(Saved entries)
[Start of Attachment]

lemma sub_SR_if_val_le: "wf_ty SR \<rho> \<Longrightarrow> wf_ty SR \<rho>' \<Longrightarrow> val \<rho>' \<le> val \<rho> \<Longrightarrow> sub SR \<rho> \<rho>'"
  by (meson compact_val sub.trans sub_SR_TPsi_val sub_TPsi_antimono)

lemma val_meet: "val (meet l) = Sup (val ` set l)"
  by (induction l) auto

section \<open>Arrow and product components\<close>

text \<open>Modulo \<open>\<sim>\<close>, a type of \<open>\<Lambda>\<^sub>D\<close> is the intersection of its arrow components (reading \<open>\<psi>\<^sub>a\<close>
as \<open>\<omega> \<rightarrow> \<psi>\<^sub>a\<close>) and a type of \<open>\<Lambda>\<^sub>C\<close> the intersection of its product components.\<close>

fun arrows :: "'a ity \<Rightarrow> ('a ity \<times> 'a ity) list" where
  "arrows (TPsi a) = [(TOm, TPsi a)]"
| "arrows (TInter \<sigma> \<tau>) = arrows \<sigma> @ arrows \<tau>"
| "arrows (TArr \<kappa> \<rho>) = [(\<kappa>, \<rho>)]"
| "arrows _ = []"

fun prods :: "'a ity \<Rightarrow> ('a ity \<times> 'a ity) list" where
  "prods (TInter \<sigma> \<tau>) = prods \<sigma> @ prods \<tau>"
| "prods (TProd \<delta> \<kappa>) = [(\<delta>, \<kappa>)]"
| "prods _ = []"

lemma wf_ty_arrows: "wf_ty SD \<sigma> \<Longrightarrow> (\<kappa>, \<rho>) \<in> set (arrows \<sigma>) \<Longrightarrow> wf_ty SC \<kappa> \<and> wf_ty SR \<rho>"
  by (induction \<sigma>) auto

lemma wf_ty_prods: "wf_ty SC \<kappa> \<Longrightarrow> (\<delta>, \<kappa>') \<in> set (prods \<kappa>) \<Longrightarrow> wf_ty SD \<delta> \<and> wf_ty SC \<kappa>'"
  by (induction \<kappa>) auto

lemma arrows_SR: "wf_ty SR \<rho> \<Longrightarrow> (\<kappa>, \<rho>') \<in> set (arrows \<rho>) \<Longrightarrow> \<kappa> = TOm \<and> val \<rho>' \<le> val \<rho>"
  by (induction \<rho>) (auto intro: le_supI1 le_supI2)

[End of Attachment]
[Start of Attachment]

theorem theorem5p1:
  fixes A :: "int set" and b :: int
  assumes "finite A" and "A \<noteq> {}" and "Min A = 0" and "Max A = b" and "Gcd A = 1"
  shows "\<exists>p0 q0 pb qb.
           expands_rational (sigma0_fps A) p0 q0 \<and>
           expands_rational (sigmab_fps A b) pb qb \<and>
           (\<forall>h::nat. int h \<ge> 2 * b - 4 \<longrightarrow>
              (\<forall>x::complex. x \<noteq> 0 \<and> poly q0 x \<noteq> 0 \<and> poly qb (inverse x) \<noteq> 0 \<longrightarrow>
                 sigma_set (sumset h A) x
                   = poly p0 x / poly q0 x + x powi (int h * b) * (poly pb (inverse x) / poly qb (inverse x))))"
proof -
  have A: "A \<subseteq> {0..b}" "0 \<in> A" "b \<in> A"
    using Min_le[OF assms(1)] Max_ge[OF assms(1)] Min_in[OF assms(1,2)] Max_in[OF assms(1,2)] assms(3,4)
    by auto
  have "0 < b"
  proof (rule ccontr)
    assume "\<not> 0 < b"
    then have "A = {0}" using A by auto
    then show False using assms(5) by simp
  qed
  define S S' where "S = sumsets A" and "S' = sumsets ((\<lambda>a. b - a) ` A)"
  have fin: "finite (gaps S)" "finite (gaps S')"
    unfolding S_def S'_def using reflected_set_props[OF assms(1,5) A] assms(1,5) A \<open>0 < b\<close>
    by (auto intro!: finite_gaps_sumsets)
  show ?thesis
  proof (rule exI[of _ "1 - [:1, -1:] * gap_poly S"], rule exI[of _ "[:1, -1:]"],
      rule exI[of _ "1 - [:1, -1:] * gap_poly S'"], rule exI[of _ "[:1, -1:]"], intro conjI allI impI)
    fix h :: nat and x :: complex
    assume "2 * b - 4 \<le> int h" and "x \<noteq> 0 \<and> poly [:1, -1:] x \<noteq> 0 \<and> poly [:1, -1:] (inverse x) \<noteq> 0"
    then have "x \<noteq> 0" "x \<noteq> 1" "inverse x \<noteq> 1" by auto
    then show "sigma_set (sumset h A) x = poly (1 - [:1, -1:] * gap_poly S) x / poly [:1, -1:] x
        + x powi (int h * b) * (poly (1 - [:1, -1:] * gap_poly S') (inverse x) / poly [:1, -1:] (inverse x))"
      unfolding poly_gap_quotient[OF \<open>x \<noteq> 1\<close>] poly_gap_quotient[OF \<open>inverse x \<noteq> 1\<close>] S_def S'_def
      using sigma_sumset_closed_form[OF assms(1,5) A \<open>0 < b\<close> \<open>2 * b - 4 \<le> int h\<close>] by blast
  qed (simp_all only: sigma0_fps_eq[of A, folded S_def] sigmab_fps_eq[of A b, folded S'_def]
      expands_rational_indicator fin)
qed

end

[End of Attachment]

> **Task to carry out**: Return word for word the lines above from the line with "wf_ty SR \<rho>'" to the line with "arrows \<sigma> @", including both and leaving out all others.

> **Result of the exercise**:
lemma sub_SR_if_val_le: "wf_ty SR \<rho> \<Longrightarrow> wf_ty SR \<rho>' \<Longrightarrow> val \<rho>' \<le> val \<rho> \<Longrightarrow> sub SR \<rho> \<rho>'"
  by (meson compact_val sub.trans sub_SR_TPsi_val sub_TPsi_antimono)

lemma val_meet: "val (meet l) = Sup (val ` set l)"
  by (induction l) auto

section \<open>Arrow and product components\<close>

text \<open>Modulo \<open>\<sim>\<close>, a type of \<open>\<Lambda>\<^sub>D\<close> is the intersection of its arrow components (reading \<open>\<psi>\<^sub>a\<close>
as \<open>\<omega> \<rightarrow> \<psi>\<^sub>a\<close>) and a type of \<open>\<Lambda>\<^sub>C\<close> the intersection of its product components.\<close>

fun arrows :: "'a ity \<Rightarrow> ('a ity \<times> 'a ity) list" where
  "arrows (TPsi a) = [(TOm, TPsi a)]"
| "arrows (TInter \<sigma> \<tau>) = arrows \<sigma> @ arrows \<tau>"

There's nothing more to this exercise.